In some possible implementations, the classification module is specifically configured to:

In some possible implementations, the query module is specifically configured to:

In some possible implementations, the query module is specifically further configured to:

In some possible implementations, the alarm processing module is specifically configured to:

The embodiment of the invention also discloses electronic equipment, which comprises a processor, a communication interface, a memory and a communication bus, wherein the processor, the communication interface and the memory are communicated with each other through the communication bus;

the memory is used for storing a computer program;

The processor is configured to implement the method according to the embodiment of the present invention when executing the program stored in the memory.

Embodiments of the present invention also disclose a computer-readable storage medium having instructions stored thereon, which when executed by one or more processors, cause the processors to perform the method according to the embodiments of the present invention.

The embodiment of the invention has the following advantages:

In the embodiment of the invention, when a monitoring alarm scene of a content distribution network is processed, the monitoring analysis system can be optimized, the optimized monitoring analysis system can comprise a strategy configuration platform, an alarm execution engine in communication connection with the strategy configuration platform, a multiplexing layer in communication connection with the alarm execution engine and a database in communication connection with the multiplexing layer, the system can acquire an alarm strategy through the strategy configuration platform, and send the alarm strategy to the alarm execution engine, and receive the alarm strategy sent by the alarm execution engine through the multiplexing layer, analyze the alarm strategy at a semantic level to obtain a basic condition corresponding to the alarm strategy, abstract the basic condition to obtain a target basic condition, classify the basic condition based on occurrence frequency corresponding to each target basic condition to obtain a hot condition and a non-hot condition, then inquire the database about the hot condition and the non-hot condition to obtain a first observation value corresponding to the hot condition and a second observation value corresponding to the non-hot condition, and finally execute an alarm processing process aiming at the alarm strategy according to the first observation value and the second observation value through the alarm execution engine, and the alarm execution engine is used for the alarm strategy to trigger the alarm strategy, so that the basic condition is simplified in terms of the alarm strategy, the redundancy analysis system can be provided in a service-level, and the performance of the system can be effectively improved by combining the performance of the system in a network-based on the aspect of the strategy, and the system.

Drawings

FIG. 1 is a flow chart of steps of a method for processing an alert scene provided in an embodiment of the present invention;

FIG. 2 is a schematic diagram of a CDN monitoring architecture provided in an embodiment of the present invention;

FIG. 3 is a software flow diagram of a multiplexing layer provided in an embodiment of the invention;

fig. 4 is a block diagram of a processing device for an alarm scenario according to an embodiment of the present invention.

Detailed Description

In order that the above-recited objects, features and advantages of the present invention will become more readily apparent, a more particular description of the invention will be rendered by reference to the appended drawings and appended detailed description.

As an example, in the actual monitoring and alarming process, corresponding alarming strategies need to be set, the number of alarming strategies is huge and continuously increased, and each alarming strategy needs to be judged to be executed once, which definitely brings great performance burden, and pressure is further transmitted to the bottom database, so that the stability of system operation and service availability are affected.

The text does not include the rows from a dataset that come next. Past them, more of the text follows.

lemma block_obtain_line:
  assumes "L \<in># \<B>" "x \<in> L"
  obtains q r s where "L = {x, q, r, s}" "is_line x q r s"
proof -
  have "card (L - {x}) = 3"
    using assms block_card block_finite by simp
  then obtain q r s where "L - {x} = {q, r, s}" "q \<noteq> r" "r \<noteq> s" "q \<noteq> s"
    unfolding card_3_iff by blast
  with assms have "L = {x, q, r, s}" "distinct [x, q, r, s]"
    by auto
  with assms(1) that show thesis
    by (simp add: is_line_def)
qed

lemma block_obtain_line_through:
  assumes "L \<in># \<B>" "x \<in> L" "y \<in> L" "x \<noteq> y"
  obtains r s where "L = {x, y, r, s}" "is_line x y r s"
proof -
  have "card (L - {x, y}) = 2"
    using assms block_card block_finite by (simp add: card_Diff_subset)
  then obtain r s where "L - {x, y} = {r, s}" "r \<noteq> s"
    unfolding card_2_iff by blast
  with assms have "L = {x, y, r, s}" "distinct [x, y, r, s]"
    by auto
  with assms(1) that show thesis
    by (simp add: is_line_def)
qed

lemma is_line_symdiff:
  assumes "is_line a b c d" "is_line a b e f" "c \<notin> {e, f}" "d \<notin> {e, f}"
  shows "is_line c d e f"
proof -
  let ?L1 = "{a, b, c, d}" and ?L2 = "{a, b, e, f}"
  have "?L1 \<inter> ?L2 = {a, b}" "(?L1 - ?L2) \<union> (?L2 - ?L1) = {c, d, e, f}"
    using assms by (auto simp: is_line_def)
  moreover have "card {a, b} = 2"
    using assms(1) by (simp add: is_line_def)
  ultimately have "{c, d, e, f} \<in># \<B>"
    using assms(1,2) triangle unfolding prop_triangle_def is_line_def by metis
  with assms show ?thesis
    by (auto simp: is_line_def)
qed

lemma brk_left [simp]: "br a b a = b"
  by (simp add: brk_def)

lemma brk_right [simp]: "br a b b = a"
  by (simp add: brk_def)

lemma brk_commute: "br a b = br b a"
proof
  fix x
  have swap:
    "\<And>B. {a, b, x} \<subseteq> B \<longleftrightarrow> {b, a, x} \<subseteq> B"
    "\<And>B y. {a, b, x, y} \<subseteq> B \<longleftrightarrow> {b, a, x, y} \<subseteq> B"
    "\<And>y. y \<notin> {a, b, x} \<longleftrightarrow> y \<notin> {b, a, x}"
    by auto
  show "br a b x = br b a x"
    unfolding brk_def swap by simp
qed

In this way, in the invention, the monitoring analysis system is optimized, the optimized monitoring analysis system can comprise a strategy configuration platform, an alarm execution engine in communication connection with the strategy configuration platform, a multiplexing layer in communication connection with the alarm execution engine and a database in communication connection with the multiplexing layer, the system can acquire the alarm strategy through the strategy configuration platform and send the alarm strategy to the alarm execution engine, and receive the alarm strategy sent by the alarm execution engine through the multiplexing layer, analyze the alarm strategy in a semantic layer to acquire basic conditions corresponding to the alarm strategy, abstract the basic conditions to acquire target basic conditions, classify the basic conditions based on occurrence frequency corresponding to each target basic condition to acquire hot condition and non-hot condition, query the database for the hot condition and the non-hot condition to acquire a first observation value corresponding to the hot condition and a second observation value corresponding to the non-hot condition, and finally execute an alarm processing process aiming at the alarm strategy through the alarm execution engine according to the first observation value and the second observation value, the first observation value and the second observation value are bases for triggering the alarm strategy, so that the alarm is cut in the semantic layer, the corresponding basic conditions are acquired, the basic conditions are identified, the redundancy conditions are effectively reduced, and the service performance of the system can be effectively improved by combining with the redundancy analysis system can be provided.

In order to enable those skilled in the art to better understand the technical solutions in the embodiments of the present invention, the following explains and describes some technical features related to the embodiments of the present invention:

CDN (Content Distribution Network) the content distribution network, through distributing the server storage content copy in different areas, and distribute to the request customer end nearby, make the content transmission faster more stable.

Engine-refers to a combination of a series of closely related software operations that provide a user with an easy-to-use way of invoking and hiding the inherent details for accomplishing a particular goal.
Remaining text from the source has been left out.